The organization took a health systems strengthening approach and aimed to work together with government entities to support the response to the outbreak. As Ebola was brought under control, PIH shifted to support the Ministry of Health in rebuilding its health system. Today PIH's Sierra Leone program is focused on raising the standard of care through programs in Kono and Port Loko Districts, with a focus on maternal health, HIV/TB and Ebola survivor care. PIH currently supports six health facilities across three districts in Sierra Leone, one being the Paul E. Farmer Maternal Center of Excellence, which has Sierra Leone's first neonatal intensive care unit.

=== Liberia ===
PIH focused on responding to the Ebola outbreak in Maryland County, a 20-hour drive south from the capital of Monrovia. They supported two Ebola treatment units and three community care centers, and taught teachers and community members new techniques to slow the spread of infections. Since Ebola came under control in Liberia in March 2015, PIH has focused on helping rebuild the health system, primarily for a population of roughly 100,000 in Maryland County.

=== Kazakhstan ===
Since 2009, PIH has worked in Kazakhstan with the Ministry of Health to provide services treating MDR-TB.

=== United States ===
PIH launched its U.S. arm in May 2020 in response to the COVID-19 pandemic.

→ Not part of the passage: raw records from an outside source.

lemma late_pairs_sum_bounds:
  fixes a :: "nat \<Rightarrow> real"
  assumes a: "\<And>s. 0 \<le> a s" "\<forall>s\<in>{1..T}. a s \<le> c" and t: "t \<in> {1..T}"
  shows "(\<Sum>(s, q)\<in>late_pairs t. a s * a q) \<le> (\<Sum>(s, q)\<in>(SIGMA s:{1..t}. unavail S s). a s * a q)"
    and "(\<Sum>(s, q)\<in>(SIGMA s:{1..t}. unavail S s). a s * a q) \<le> (\<Sum>(s, q)\<in>late_pairs t. a s * a q)
           + c\<^sup>2 * (real (card (SIGMA s:{1..t}. unavail S s)) - real (card (late_pairs t)))"
    and "(\<Sum>(s, q)\<in>late_pairs t. a s * a q) \<le> c\<^sup>2 * real (card (late_pairs t))"
    and "card (late_pairs t) \<le> card (SIGMA s:{1..t}. unavail S s)"
proof -
  define P where "P = (SIGMA s:{1..t}. unavail S s)"
  define f where "f = (\<lambda>(s, q). a s * a q)"
  have c: "0 \<le> c"
    using a(1)[of t] bspec[OF a(2) t] by linarith
  have f: "\<forall>z\<in>P. 0 \<le> f z" "\<forall>z\<in>P. f z \<le> c\<^sup>2"
  proof (safe)
    fix s q
    assume "(s, q) \<in> P"
    then have "s \<in> {1..T}" "q \<in> {1..T}"
      using t by (auto simp: P_def unavail_def)
    then show "0 \<le> f (s, q)" "f (s, q) \<le> c\<^sup>2"
      using a c by (auto simp: f_def power2_eq_square intro: mult_mono)
  qed
  have P: "finite P"
    by (simp add: P_def)
  have into: "(\<lambda>(s, q). (max s q, min s q)) ` late_pairs t \<subseteq> P"
  proof
    fix y
    assume "y \<in> (\<lambda>(s, q). (max s q, min s q)) ` late_pairs t"
    then obtain s q where "(s, q) \<in> late_pairs t" "y = (max s q, min s q)"
      by auto
    then show "y \<in> P"
      unfolding P_def using sorted_late_pair_unavail[OF _ t] by blast
  qed
  have f_sort: "f ((\<lambda>(s, q). (max s q, min s q)) z) = f z" for z
    by (cases z) (simp add: f_def max_def min_def)
  note bounds = sum_inj_into_bounds[of P "\<lambda>(s, q). (max s q, min s q)" "late_pairs t" f "c\<^sup>2",
      OF P inj_on_sort_late_pairs[OF t] into f_sort f, unfolded f_def P_def]
  show "(\<Sum>(s, q)\<in>late_pairs t. a s * a q) \<le> (\<Sum>(s, q)\<in>(SIGMA s:{1..t}. unavail S s). a s * a q)"
    by (fact bounds(1))
  show "(\<Sum>(s, q)\<in>(SIGMA s:{1..t}. unavail S s). a s * a q) \<le> (\<Sum>(s, q)\<in>late_pairs t. a s * a q)
      + c\<^sup>2 * (real (card (SIGMA s:{1..t}. unavail S s)) - real (card (late_pairs t)))"
    by (fact bounds(2))
  show "(\<Sum>(s, q)\<in>late_pairs t. a s * a q) \<le> c\<^sup>2 * real (card (late_pairs t))"
    by (fact bounds(3))
  show "card (late_pairs t) \<le> card (SIGMA s:{1..t}. unavail S s)"
    using card_inj_on_le[OF inj_on_sort_late_pairs[OF t] into P] by (simp add: P_def)
qed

=== Global Tuberculosis Policy Impact ===
In August 2024, the World Health Organization approved safer and shorter treatment regimens for tuberculosis, a shift shaped by groundbreaking research led by Partners In Health and its partners."2025 Annual Report" (2025) Following this, in 2025, PIH Lesotho launched a district-wide implementation of the "Search, Treat, Prevent" strategy. This integrated approach aims to serve as a national model for global TB elimination strategies."Shaping the Future of TB Care" (2025)

===Partner projects===
PIH also supports partner projects in the following countries:

- North America: PACT in USA,

- Central America: Equipo Técnico de Educación en Salud Comunitaria in Guatemala
- Africa: Project Muso in Mali; Tiyatien Health in Liberia; Village Health Works in Burundi; Pivot in Madagascar
- Asia: Possible Health in Nepal; Advanced Access & Delivery in India

== Previous Work ==

===Russia===

Partners In Health's work in Russia had a narrower medical focus over a vastly wider geographical area than any of its other projects. From a base in the region of Tomsk Oblast, Siberia, PIH had started working in 1988, in collaboration with the Russian Ministry of Health as well as local clinicians, to combat one of the world's worst epidemics of drug-resistant tuberculosis (MDR-TB). The joint effort got a major boost in 2004, when a five-year, $10.8 million grant was secured from the Global Fund to Fight AIDS, Tuberculosis and Malaria for efforts to improve prevention, diagnosis and treatment of TB and MDR-TB. Key components of the clinical effort included improving diagnostics in order to detect cases earlier, developing a comprehensive strategy to promote adherence among patients, improving infection control in hospitals and clinics and decreasing transmission of TB to HIV-positive patients. Work in Tomsk also encompassed health education for the public and clinical and program management training for medical personnel in Tomsk.

Partners In Health operated in two other regions in Russia, Voronezh Oblast and Karelia, where technical assistance is provided to regional tuberculosis services.

=== Dominican Republic ===
PIH helped Zanmi Lassante establish an HIV program at the Rosa Duarte Hospital in Elias Piña, Dominican Republic in 2011.

== Controversy ==
A PIH clinician developed Ebola at a government-run treatment center in Port Loko, Sierra Leone, where they were responding to the Ebola outbreak in 2015. The site was closed after this, though staff members stated that it should have been closed sooner due to safety deficiencies.